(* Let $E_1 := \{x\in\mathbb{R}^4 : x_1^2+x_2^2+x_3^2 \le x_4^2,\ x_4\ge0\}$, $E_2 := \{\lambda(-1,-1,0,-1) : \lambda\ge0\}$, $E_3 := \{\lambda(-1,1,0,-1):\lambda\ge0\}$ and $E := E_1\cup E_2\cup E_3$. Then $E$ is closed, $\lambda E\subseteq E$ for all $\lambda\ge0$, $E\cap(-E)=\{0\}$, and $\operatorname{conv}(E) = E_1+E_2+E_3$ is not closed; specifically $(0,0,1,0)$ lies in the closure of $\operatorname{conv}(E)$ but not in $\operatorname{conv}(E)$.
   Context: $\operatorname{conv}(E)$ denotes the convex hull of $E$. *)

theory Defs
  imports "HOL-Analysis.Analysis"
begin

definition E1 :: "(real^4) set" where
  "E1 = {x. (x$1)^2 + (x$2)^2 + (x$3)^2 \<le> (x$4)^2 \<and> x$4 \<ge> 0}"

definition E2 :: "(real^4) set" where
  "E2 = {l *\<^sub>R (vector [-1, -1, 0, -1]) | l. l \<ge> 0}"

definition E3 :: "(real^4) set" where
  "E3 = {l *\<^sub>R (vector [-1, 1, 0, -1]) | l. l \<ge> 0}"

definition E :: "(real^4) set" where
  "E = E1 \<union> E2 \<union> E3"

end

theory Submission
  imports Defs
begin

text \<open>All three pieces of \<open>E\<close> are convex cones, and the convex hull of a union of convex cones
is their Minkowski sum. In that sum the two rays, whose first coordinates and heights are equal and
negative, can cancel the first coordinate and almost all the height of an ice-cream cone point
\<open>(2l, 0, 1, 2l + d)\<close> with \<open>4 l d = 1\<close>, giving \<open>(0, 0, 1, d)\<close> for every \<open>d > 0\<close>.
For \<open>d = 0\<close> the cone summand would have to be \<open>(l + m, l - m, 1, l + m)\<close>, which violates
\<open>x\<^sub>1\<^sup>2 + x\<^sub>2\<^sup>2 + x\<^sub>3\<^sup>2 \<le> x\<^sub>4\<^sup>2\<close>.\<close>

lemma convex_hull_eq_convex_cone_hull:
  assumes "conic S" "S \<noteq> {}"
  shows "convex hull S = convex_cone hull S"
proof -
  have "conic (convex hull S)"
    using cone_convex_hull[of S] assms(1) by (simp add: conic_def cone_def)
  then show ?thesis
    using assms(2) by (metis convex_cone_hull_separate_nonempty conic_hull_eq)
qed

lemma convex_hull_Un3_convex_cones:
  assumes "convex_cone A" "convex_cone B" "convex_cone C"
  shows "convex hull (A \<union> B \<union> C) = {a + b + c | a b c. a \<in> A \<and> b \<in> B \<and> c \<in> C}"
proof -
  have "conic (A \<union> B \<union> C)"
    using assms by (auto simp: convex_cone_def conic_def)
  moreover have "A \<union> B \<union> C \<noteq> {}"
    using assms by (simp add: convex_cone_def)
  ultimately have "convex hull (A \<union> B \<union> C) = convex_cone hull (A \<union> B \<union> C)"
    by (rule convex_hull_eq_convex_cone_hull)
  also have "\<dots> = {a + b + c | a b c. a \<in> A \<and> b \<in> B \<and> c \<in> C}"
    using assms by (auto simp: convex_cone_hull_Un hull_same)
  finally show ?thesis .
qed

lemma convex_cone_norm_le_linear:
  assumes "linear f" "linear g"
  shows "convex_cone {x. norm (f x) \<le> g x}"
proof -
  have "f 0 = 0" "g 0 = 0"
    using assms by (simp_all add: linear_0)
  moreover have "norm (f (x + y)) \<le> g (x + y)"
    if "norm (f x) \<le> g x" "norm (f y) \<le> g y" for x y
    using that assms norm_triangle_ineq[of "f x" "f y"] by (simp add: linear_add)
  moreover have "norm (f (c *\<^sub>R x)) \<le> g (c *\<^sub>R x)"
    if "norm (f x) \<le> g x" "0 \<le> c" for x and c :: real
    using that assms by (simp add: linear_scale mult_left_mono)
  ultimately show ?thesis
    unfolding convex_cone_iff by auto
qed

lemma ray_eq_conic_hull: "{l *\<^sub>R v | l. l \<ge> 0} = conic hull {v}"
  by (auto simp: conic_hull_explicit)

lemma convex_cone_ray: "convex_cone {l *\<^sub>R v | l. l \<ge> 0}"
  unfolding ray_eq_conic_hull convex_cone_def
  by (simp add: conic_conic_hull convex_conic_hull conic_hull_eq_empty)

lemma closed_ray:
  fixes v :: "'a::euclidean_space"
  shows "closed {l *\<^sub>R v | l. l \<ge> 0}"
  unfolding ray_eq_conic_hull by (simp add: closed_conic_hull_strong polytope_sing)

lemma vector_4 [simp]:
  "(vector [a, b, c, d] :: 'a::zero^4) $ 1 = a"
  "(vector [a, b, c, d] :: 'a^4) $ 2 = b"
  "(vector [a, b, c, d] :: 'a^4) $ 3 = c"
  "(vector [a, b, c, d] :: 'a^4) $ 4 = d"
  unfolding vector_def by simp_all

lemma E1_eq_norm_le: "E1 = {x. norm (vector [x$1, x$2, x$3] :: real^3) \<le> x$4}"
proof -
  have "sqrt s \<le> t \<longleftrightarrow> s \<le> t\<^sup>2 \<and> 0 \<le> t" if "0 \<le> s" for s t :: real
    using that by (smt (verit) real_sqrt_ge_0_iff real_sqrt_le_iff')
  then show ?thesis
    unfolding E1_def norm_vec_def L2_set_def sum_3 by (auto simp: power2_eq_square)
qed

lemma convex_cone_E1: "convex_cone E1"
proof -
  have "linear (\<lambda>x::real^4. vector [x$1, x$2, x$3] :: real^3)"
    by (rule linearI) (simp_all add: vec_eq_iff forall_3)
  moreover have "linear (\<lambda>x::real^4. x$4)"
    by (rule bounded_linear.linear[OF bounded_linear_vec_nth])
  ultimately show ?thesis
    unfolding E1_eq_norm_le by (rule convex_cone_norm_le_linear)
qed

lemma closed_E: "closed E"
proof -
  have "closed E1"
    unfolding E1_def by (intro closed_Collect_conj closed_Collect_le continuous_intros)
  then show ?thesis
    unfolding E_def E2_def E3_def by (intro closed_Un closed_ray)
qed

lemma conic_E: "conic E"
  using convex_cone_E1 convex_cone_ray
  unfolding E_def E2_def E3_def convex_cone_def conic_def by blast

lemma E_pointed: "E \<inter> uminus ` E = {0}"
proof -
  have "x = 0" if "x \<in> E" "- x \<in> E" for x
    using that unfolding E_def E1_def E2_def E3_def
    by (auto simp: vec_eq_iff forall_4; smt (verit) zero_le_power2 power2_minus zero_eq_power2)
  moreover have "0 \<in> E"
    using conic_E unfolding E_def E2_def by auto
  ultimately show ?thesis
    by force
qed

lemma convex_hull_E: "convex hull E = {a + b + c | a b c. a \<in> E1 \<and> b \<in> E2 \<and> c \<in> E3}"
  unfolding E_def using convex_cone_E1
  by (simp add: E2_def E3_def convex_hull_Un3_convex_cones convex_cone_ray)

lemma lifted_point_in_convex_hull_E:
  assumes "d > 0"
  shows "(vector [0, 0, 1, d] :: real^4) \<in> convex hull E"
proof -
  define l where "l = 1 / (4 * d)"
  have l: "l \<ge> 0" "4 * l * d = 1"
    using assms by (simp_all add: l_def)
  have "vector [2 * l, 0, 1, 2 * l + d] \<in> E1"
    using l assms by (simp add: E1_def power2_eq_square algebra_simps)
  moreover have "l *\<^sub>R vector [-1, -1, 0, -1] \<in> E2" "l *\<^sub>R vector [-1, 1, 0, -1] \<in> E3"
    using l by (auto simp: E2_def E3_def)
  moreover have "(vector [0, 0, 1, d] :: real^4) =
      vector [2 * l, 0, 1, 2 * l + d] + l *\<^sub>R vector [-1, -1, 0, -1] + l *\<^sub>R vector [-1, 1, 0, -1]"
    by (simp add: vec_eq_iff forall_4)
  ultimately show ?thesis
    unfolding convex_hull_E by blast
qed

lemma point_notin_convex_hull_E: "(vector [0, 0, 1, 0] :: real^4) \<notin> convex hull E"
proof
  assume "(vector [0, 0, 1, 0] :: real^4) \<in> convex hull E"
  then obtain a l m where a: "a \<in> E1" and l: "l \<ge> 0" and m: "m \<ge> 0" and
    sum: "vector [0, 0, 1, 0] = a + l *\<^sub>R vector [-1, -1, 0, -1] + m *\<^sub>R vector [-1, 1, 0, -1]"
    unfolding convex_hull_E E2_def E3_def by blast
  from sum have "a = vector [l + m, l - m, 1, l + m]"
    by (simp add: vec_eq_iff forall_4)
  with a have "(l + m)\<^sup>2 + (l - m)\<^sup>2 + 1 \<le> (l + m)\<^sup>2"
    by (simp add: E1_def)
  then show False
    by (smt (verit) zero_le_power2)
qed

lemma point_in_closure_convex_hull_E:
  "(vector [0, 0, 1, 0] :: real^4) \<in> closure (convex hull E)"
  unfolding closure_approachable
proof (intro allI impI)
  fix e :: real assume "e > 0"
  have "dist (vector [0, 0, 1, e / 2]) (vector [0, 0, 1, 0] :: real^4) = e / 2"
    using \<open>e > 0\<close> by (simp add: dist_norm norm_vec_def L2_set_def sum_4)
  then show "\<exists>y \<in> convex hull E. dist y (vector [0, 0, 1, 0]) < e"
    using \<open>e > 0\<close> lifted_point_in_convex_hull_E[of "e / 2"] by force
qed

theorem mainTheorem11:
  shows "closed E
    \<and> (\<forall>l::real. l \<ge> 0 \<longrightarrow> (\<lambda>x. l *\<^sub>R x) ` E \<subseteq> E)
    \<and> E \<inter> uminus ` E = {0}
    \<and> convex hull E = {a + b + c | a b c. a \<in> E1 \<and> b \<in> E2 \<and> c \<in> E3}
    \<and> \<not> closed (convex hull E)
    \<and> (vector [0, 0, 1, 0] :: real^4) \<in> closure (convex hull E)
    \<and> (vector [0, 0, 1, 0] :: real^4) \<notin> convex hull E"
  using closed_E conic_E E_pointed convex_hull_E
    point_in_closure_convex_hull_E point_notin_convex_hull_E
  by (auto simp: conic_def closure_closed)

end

:: AIM OF THE TASK ::
Copy out word for word each line of the listing, from the very first line down to the line containing "x\<^sub>3\<^sup>2 \<le> x\<^sub>4\<^sup>2\<close>.\<close>", and stop after that line.

:: RESULT OF THIS EXERCISE ::
(* Let $E_1 := \{x\in\mathbb{R}^4 : x_1^2+x_2^2+x_3^2 \le x_4^2,\ x_4\ge0\}$, $E_2 := \{\lambda(-1,-1,0,-1) : \lambda\ge0\}$, $E_3 := \{\lambda(-1,1,0,-1):\lambda\ge0\}$ and $E := E_1\cup E_2\cup E_3$. Then $E$ is closed, $\lambda E\subseteq E$ for all $\lambda\ge0$, $E\cap(-E)=\{0\}$, and $\operatorname{conv}(E) = E_1+E_2+E_3$ is not closed; specifically $(0,0,1,0)$ lies in the closure of $\operatorname{conv}(E)$ but not in $\operatorname{conv}(E)$.
   Context: $\operatorname{conv}(E)$ denotes the convex hull of $E$. *)

theory Defs
  imports "HOL-Analysis.Analysis"
begin

definition E1 :: "(real^4) set" where
  "E1 = {x. (x$1)^2 + (x$2)^2 + (x$3)^2 \<le> (x$4)^2 \<and> x$4 \<ge> 0}"

definition E2 :: "(real^4) set" where
  "E2 = {l *\<^sub>R (vector [-1, -1, 0, -1]) | l. l \<ge> 0}"

definition E3 :: "(real^4) set" where
  "E3 = {l *\<^sub>R (vector [-1, 1, 0, -1]) | l. l \<ge> 0}"

definition E :: "(real^4) set" where
  "E = E1 \<union> E2 \<union> E3"

end

theory Submission
  imports Defs
begin

text \<open>All three pieces of \<open>E\<close> are convex cones, and the convex hull of a union of convex cones
is their Minkowski sum. In that sum the two rays, whose first coordinates and heights are equal and
negative, can cancel the first coordinate and almost all the height of an ice-cream cone point
\<open>(2l, 0, 1, 2l + d)\<close> with \<open>4 l d = 1\<close>, giving \<open>(0, 0, 1, d)\<close> for every \<open>d > 0\<close>.
For \<open>d = 0\<close> the cone summand would have to be \<open>(l + m, l - m, 1, l + m)\<close>, which violates
\<open>x\<^sub>1\<^sup>2 + x\<^sub>2\<^sup>2 + x\<^sub>3\<^sup>2 \<le> x\<^sub>4\<^sup>2\<close>.\<close>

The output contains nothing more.